The majority of these coconuts are consumed in the source countries as part of the ordinary diet. The market is mostly relatively informal and these nuts (sold for drinking) are typically significantly cheaper than packaged mature coconut water products, notwithstanding that green coconut water is considered to be very much superior to water from mature nuts. VCA estimates that if this segment was to be priced at global retail market levels, the combined segment of mature packaged water products and green water / fresh immature nuts for drinking, would be equivalent to circa $5bn.

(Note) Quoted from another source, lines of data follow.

lemma truncated_solution_Op_near:
  assumes S: "integral_solution UNIV (truncated_field c) S" and lip: "\<Lambda>-lipschitz_on UNIV S"
    and St: "blinfun_apply (S t) \<in> Op B h" and "\<bar>q - t\<bar> < 1 / (\<Lambda> + 1)"
  shows "blinfun_apply (S q) \<in> Op B h"
proof -
  define \<delta> where "\<delta> = 1 / (\<Lambda> + 1)"
  have \<Lambda>: "0 \<le> \<Lambda>"
    using lip by (rule lipschitz_on_nonneg)
  then have \<delta>: "0 < \<delta>" "\<Lambda> * \<delta> \<le> 1"
    by (simp_all add: \<delta>_def field_simps)
  have "norm (S t) \<le> Op_bound"
    using norm_Blinfun_Op_le[OF St] by (simp add: blinfun_apply_inverse)
  then have small: "norm (S r) \<le> radius" if "r \<in> {t - \<delta>..t + \<delta>}" for r
  proof -
    have "norm (S r - S t) \<le> \<Lambda> * \<bar>r - t\<bar>"
      using lipschitz_onD[OF lip] by (simp add: dist_norm dist_real_def)
    also have "\<dots> \<le> \<Lambda> * \<delta>"
      using that \<Lambda> by (intro mult_left_mono) auto
    finally show ?thesis
      using \<open>norm (S t) \<le> Op_bound\<close> \<delta>(2) norm_triangle_sub[of "S r" "S t"] by linarith
  qed
  have "q \<in> {t - \<delta>..t + \<delta>}" "t \<in> {t - \<delta>..t + \<delta>}"
    using \<open>\<bar>q - t\<bar> < 1 / (\<Lambda> + 1)\<close> \<delta>(1) by (auto simp: \<delta>_def)
  then have "B (S q x) (S q y) = B (S t x) (S t y)" if "x \<in> p" "y \<in> p" for x y
    using truncated_solution_B_constant[OF S lip small truncated_solution_mem_p[OF S St] that] by blast
  then show ?thesis
    using St truncated_solution_zero_on_h[OF S St] truncated_solution_mem_p[OF S St]
      bounded_linear.linear[OF blinfun.bounded_linear_right]
    by (auto simp: Op_def)
qed
lemma kernel_ge_half:
  assumes t: "s k \<le> t" "t \<le> s (k + 1)"
  shows "1/2 \<le> kernel k t \<or> 1/2 \<le> kernel (k + 1) t"
proof -
  have t_pos: "0 < t" using t s_pos[of k] by simp
  obtain Z1 Z2 where Z: "Z1 \<union> Z2 = UNIV"
    "\<forall>k\<in>Z1. \<psi> (s (k + 1)) \<le> 2 * \<psi> (s k)"
    "\<forall>k\<in>Z2. \<psi> (s k) / s k \<le> 2 * (\<psi> (s (k + 1)) / s (k + 1))"
    using discretizing unfolding discretizing_seq_def by blast
  show ?thesis
  proof (cases "k \<in> Z1")
    case True
    have "\<psi> (s k) \<le> \<psi> t" using t s_pos[of k] by (intro psi_le) auto
    then have "\<psi> (s (k + 1)) \<le> 2 * \<psi> t" using True Z(2) by fastforce
    then have "1/2 \<le> kernel (k + 1) t"
      using t t_pos psi_s_pos[of "k + 1"] by (simp add: kernel_above field_simps)
    then show ?thesis ..
  next
    case False
    have "\<psi> (s (k + 1)) / s (k + 1) \<le> \<psi> t / t" using t t_pos by (intro quotient_le) auto
    then have "\<psi> (s k) / s k \<le> 2 * (\<psi> t / t)" using False Z(1,3) by fastforce
    then have "1/2 \<le> kernel k t"
      using t psi_s_pos[of k] s_pos[of k] by (simp add: kernel_below field_simps)
    then show ?thesis ..
  qed
qed

definition kernel_norm :: "ennreal \<Rightarrow> ennreal \<Rightarrow> (int \<Rightarrow> real) \<Rightarrow> (int \<Rightarrow> real) \<Rightarrow> ennreal" where
  "kernel_norm p q tt Y = lp_on p UNIV (\<lambda>k. lp_on q UNIV (\<lambda>i. ennreal (kernel k (tt i) * Y i)))"

definition block_norm :: "ennreal \<Rightarrow> ennreal \<Rightarrow> (int \<Rightarrow> real) \<Rightarrow> (int \<Rightarrow> real) \<Rightarrow> ennreal" where
  "block_norm p q tt Y =
     lp_on p UNIV (\<lambda>k. lp_on q {i. s k \<le> tt i \<and> tt i \<le> s (k + 1)} (\<lambda>i. ennreal (Y i)))"

lemma block_le_kernel_norms:
  assumes q: "1 \<le> q" and tt: "\<And>i. tt i > 0" and Y: "\<And>i. 0 \<le> Y i"
  shows "lp_on q {i. s k \<le> tt i \<and> tt i \<le> s (k + 1)} (\<lambda>i. ennreal (Y i))
    \<le> 8 * (lp_on q UNIV (\<lambda>i. ennreal (kernel k (tt i) * Y i))
          + lp_on q UNIV (\<lambda>i. ennreal (kernel (k + 1) (tt i) * Y i)))"
proof -
  let ?f = "\<lambda>k i. ennreal (kernel k (tt i) * Y i)"
  have "ennreal (Y i) \<le> 2 * (?f k i + ?f (k + 1) i)" if "s k \<le> tt i" "tt i \<le> s (k + 1)" for i
  proof -
    have "Y i \<le> 2 * (a * Y i)" if "1/2 \<le> a" for a
      using mult_right_mono[of 1 "2 * a" "Y i"] that Y[of i] by (simp add: mult.assoc)
    then have "Y i \<le> 2 * (kernel k (tt i) * Y i) \<or> Y i \<le> 2 * (kernel (k + 1) (tt i) * Y i)"
      using kernel_ge_half[OF that] by blast
    moreover have "0 \<le> kernel k (tt i) * Y i" "0 \<le> kernel (k + 1) (tt i) * Y i"
      using kernel_nonneg[OF tt] Y by simp_all
    moreover have "y \<le> 2 * (a + b)" if "0 \<le> a" "0 \<le> b" "y \<le> 2 * a \<or> y \<le> 2 * b"
      for a b y :: real
      using that by auto
    ultimately have "Y i \<le> 2 * (kernel k (tt i) * Y i + kernel (k + 1) (tt i) * Y i)"
      by blast
    then have "ennreal (Y i) \<le> ennreal (2 * (kernel k (tt i) * Y i + kernel (k + 1) (tt i) * Y i))"
      by (rule ennreal_leI)
    also have "\<dots> = 2 * (?f k i + ?f (k + 1) i)"
      using Y[of i] kernel_nonneg[OF tt] by (simp add: ennreal_mult)
    finally show ?thesis .
  qed
  then have "lp_on q {i. s k \<le> tt i \<and> tt i \<le> s (k + 1)} (\<lambda>i. ennreal (Y i))
      \<le> lp_on q UNIV (\<lambda>i. 2 * (?f k i + ?f (k + 1) i))"
    by (intro lp_on_mono_set[OF q]) auto
  also have "\<dots> = 2 * lp_on q UNIV (\<lambda>i. ?f k i + ?f (k + 1) i)"
    by (rule lp_on_cmult[OF q]) simp
  also have "\<dots> \<le> 2 * (4 * (lp_on q UNIV (?f k) + lp_on q UNIV (?f (k + 1))))"
    by (intro mult_left_mono lp_on_add_le[OF q]) simp
  finally show ?thesis
    by (simp add: mult.assoc[symmetric])
qed
lemma parallel_convex_subset:
  assumes A: "convex_subcomplex V adj A" and B: "convex_subcomplex V adj B"
    and AB: "parallel V adj A B" and p: "p \<in> A" "p \<in> B"
  shows "A \<subseteq> B"
proof
  fix x assume "x \<in> A"
  with A p(1) show "x \<in> B"
  proof (induction rule: convex_subcomplex_induct)
    case base
    then show ?case using p(2) .
  next
    case (step x x')
    obtain c e where ce: "c \<in> B" "e \<in> B" "adj c e" "W c e = W x' x"
      using parallel_edgeE[OF AB step(2,1) adj_sym[OF step(3)]] by blast
    have "e \<in> W x x'"
      using halfspace_self[OF adj_sym[OF ce(3)]] halfspace_swap_eq[OF adj_sym[OF step(3)] ce(3,4)] by simp
    then have "d e x' = Suc (d e x)"
      using halfspace_gdist[OF step(3)] by blast
    moreover have V: "x \<in> V" "x' \<in> V" "e \<in> V"
      using adj_in_V step(3) ce(3) by auto
    ultimately have "x \<in> I x' e"
      using gdist_adj[OF adj_sym[OF step(3)]] gdist_sym[OF V(1,3)] gdist_sym[OF V(2,3)]
      by (simp add: ginterval_iff)
    then show ?case
      using convex_subcomplex_interval[OF B step(4) ce(2)] by blast
  qed
qed

lemma closest_pair:
  assumes "a \<in> A" "b \<in> B"
  obtains p q where "p \<in> A" "q \<in> B" "\<forall>a\<in>A. \<forall>b\<in>B. d p q \<le> d a b"
proof -
  obtain pq where "pq \<in> A \<times> B" "\<forall>ab\<in>A \<times> B. d (fst pq) (snd pq) \<le> d (fst ab) (snd ab)"
    using ex_has_least_nat[of "\<lambda>ab. ab \<in> A \<times> B" "(a, b)" "\<lambda>ab. d (fst ab) (snd ab)"] assms
    by auto
  then show thesis
    using that by (cases pq) auto
qed

lemma convex_subset_halfspace_of_gate:
  assumes A: "convex_subcomplex V adj A" and q: "q \<in> A" "q \<in> W b a"
    and closest: "\<forall>y\<in>A. d x q \<le> d x y" and ab: "adj a b" and x: "x \<in> W a b"
  shows "A \<subseteq> W b a"
proof
  fix y assume y: "y \<in> A"
  have "x \<in> V" "y \<in> V" "q \<in> V"
    using x y q convex_subcomplex_subset_V[OF A] by (auto simp: halfspace_iff)
  then have "q \<in> I x y"
    using convex_gate[OF A q(1) _ closest y] by (simp add: ginterval_iff)
  then have "y \<notin> W a b"
    using halfspace_convex[OF ab x] q(2) halfspace_swap[OF ab] by blast
  then show "y \<in> W b a"
    using halfspace_swap[OF ab] \<open>y \<in> V\<close> by blast
qed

  1. Packaged Coconut Water
    • derived from mature coconuts of 10 months or older
    • typically a by-product of desiccated coconut production
    • this product represents the bulk of the current coconut water market and is considered by experts in the field to be much inferior as a consumer experience to green coconut water
    • $1.2bn market at retail value
  2. Coconut Milk
    • The processing of mature coconuts for the production of coconut milk is dominated by consumption within the source countries where it has traditionally been used for culinary purposes and as a drink (packaged whole coconut milk and skimmed milk)
    • Coconut milk is also highly suitable for the production of coconut ice cream and coconut yoghurt. After conducting extensive market research, VCA believes that these product segments have good growth prospects.
    • The international market for packaged coconut milk products is relatively mature with an estimated (VCA) retail value of $400m pa
    • The market for fresh coconut milk products (in the source countries) may be 10x larger than the packaged segment according to Vinay Chand. This is a relatively informal sector and accessing reliable data is not possible
  3. Virgin Coconut Oil
    • This is a relatively new product segment and VCA reports that it is growing at some 35% pa.
    • A small new segment made from fresh coconuts and not dried coconut flesh/copra
    • Current value FOB (Philippines and Indonesia) $150m annually
  4. Rubberised Coir
    • Derived from the husks of mature coconuts, coir can be rubberized for use in mattresses for which there is strong demand in Asia
    • A factory gate value of circa $1bn annually and a retail value of perhaps $2bn
    • Only 17% of the annual crop of coconuts is currently having the husks used in the manufacture of coir
      1. VCA estimates that in the period 2012-2015 demand for coir has been expanding at circa 50%
      2. VCA estimates that over 60% of usable husks are not being commercially exploited.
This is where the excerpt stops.